____ RECORDS FOR THE EXERCISE
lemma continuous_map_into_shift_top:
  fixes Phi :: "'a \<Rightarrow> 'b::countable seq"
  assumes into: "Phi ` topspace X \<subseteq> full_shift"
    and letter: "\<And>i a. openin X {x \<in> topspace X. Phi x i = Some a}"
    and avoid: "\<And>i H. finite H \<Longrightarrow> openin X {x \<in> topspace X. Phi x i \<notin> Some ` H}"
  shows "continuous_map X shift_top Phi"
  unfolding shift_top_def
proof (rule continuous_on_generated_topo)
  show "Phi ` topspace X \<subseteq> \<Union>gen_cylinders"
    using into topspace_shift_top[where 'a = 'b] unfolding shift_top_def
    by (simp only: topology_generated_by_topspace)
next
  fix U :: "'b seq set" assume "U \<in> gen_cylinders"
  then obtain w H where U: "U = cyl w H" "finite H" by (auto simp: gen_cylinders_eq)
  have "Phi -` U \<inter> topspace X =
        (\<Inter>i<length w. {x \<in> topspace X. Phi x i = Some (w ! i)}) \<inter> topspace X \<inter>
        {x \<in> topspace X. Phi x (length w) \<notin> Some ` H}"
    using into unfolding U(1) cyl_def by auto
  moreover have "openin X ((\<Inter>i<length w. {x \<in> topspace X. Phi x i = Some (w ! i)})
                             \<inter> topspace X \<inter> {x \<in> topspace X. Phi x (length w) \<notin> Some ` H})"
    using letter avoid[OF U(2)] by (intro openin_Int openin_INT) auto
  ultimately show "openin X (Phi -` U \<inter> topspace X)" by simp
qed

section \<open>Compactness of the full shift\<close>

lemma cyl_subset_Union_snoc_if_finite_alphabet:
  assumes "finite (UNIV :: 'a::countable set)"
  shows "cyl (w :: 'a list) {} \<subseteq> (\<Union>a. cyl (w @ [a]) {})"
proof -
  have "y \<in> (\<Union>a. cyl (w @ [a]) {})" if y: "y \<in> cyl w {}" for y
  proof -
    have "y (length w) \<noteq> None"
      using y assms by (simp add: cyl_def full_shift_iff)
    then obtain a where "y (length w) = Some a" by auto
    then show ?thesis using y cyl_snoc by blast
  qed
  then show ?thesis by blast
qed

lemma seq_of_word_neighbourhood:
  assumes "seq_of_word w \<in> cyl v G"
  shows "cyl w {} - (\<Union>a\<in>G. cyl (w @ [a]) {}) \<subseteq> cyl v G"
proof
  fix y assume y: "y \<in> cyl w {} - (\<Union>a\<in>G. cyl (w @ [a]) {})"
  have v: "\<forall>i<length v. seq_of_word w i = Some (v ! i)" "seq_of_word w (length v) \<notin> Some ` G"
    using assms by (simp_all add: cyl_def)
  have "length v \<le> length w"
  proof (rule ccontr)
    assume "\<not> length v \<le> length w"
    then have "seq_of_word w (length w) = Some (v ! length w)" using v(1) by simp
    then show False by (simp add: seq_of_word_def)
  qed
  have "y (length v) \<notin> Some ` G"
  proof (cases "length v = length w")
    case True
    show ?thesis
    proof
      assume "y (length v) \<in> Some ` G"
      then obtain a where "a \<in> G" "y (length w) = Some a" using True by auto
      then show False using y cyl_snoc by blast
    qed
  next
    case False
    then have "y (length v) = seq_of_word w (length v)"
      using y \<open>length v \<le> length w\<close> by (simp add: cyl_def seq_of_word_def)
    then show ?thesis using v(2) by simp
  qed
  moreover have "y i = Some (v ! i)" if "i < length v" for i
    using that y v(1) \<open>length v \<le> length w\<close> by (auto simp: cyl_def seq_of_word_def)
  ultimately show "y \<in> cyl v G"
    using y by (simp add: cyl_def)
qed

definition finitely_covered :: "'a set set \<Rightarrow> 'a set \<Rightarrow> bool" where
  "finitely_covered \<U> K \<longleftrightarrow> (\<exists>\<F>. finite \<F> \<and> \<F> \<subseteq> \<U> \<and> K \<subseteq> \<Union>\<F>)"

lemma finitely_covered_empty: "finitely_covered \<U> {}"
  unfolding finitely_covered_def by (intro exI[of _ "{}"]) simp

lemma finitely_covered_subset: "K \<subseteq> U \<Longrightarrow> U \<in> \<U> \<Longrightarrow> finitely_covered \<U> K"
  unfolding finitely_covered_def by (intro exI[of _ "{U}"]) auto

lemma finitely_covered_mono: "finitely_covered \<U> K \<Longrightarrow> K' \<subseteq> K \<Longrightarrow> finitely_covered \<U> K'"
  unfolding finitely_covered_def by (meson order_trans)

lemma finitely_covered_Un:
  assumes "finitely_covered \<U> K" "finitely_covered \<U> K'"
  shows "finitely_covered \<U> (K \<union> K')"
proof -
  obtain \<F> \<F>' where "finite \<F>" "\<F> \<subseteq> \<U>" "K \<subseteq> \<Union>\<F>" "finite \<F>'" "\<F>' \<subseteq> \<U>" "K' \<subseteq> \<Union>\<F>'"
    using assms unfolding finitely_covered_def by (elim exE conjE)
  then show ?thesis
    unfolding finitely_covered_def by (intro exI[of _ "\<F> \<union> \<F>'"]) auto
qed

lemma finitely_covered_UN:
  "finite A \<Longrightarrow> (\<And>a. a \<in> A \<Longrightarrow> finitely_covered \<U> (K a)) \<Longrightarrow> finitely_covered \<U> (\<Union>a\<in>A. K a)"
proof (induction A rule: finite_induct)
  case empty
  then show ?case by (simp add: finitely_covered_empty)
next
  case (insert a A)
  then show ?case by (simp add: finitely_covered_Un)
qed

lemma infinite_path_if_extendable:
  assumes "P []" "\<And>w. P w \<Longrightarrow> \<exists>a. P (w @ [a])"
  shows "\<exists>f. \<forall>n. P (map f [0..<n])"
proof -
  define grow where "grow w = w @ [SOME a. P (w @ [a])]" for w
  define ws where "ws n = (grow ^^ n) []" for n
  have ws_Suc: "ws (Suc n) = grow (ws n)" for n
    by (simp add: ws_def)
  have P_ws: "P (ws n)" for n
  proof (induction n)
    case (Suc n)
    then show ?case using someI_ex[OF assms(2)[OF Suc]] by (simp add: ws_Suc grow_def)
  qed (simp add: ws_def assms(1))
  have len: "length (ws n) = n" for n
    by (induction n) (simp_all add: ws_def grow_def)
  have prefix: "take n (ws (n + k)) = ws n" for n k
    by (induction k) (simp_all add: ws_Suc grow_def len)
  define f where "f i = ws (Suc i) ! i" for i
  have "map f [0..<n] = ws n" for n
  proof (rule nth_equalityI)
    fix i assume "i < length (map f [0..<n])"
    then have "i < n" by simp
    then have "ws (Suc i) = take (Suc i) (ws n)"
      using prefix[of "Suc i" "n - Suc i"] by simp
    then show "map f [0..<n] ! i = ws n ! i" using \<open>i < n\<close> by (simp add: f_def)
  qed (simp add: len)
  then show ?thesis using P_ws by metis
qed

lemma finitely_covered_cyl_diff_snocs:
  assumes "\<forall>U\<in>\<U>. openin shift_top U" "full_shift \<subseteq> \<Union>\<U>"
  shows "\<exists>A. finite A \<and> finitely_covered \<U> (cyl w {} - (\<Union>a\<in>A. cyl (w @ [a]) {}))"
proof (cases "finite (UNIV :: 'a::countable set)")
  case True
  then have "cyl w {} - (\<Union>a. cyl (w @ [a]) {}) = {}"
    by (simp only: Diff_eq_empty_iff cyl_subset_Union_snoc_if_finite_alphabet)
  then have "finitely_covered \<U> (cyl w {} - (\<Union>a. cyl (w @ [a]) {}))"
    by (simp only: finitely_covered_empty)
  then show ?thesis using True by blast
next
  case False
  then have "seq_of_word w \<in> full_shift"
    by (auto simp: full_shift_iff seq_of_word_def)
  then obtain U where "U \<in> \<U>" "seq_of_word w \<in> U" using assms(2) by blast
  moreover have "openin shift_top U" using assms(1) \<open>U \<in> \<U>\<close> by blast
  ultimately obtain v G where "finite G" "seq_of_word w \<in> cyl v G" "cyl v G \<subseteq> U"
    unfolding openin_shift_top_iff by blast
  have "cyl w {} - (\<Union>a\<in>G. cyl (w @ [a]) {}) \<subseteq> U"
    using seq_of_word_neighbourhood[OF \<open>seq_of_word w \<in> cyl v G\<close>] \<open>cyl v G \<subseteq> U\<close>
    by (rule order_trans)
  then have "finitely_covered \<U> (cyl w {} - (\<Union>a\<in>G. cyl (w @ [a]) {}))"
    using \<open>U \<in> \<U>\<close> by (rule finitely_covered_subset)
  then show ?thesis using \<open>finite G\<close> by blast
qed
________
Check the data for the word "letter" and pull out the lines that have it.

    and letter: "\<And>i a. openin X {x \<in> topspace X. Phi x i = Some a}"
    using letter avoid[OF U(2)] by (intro openin_Int openin_INT) auto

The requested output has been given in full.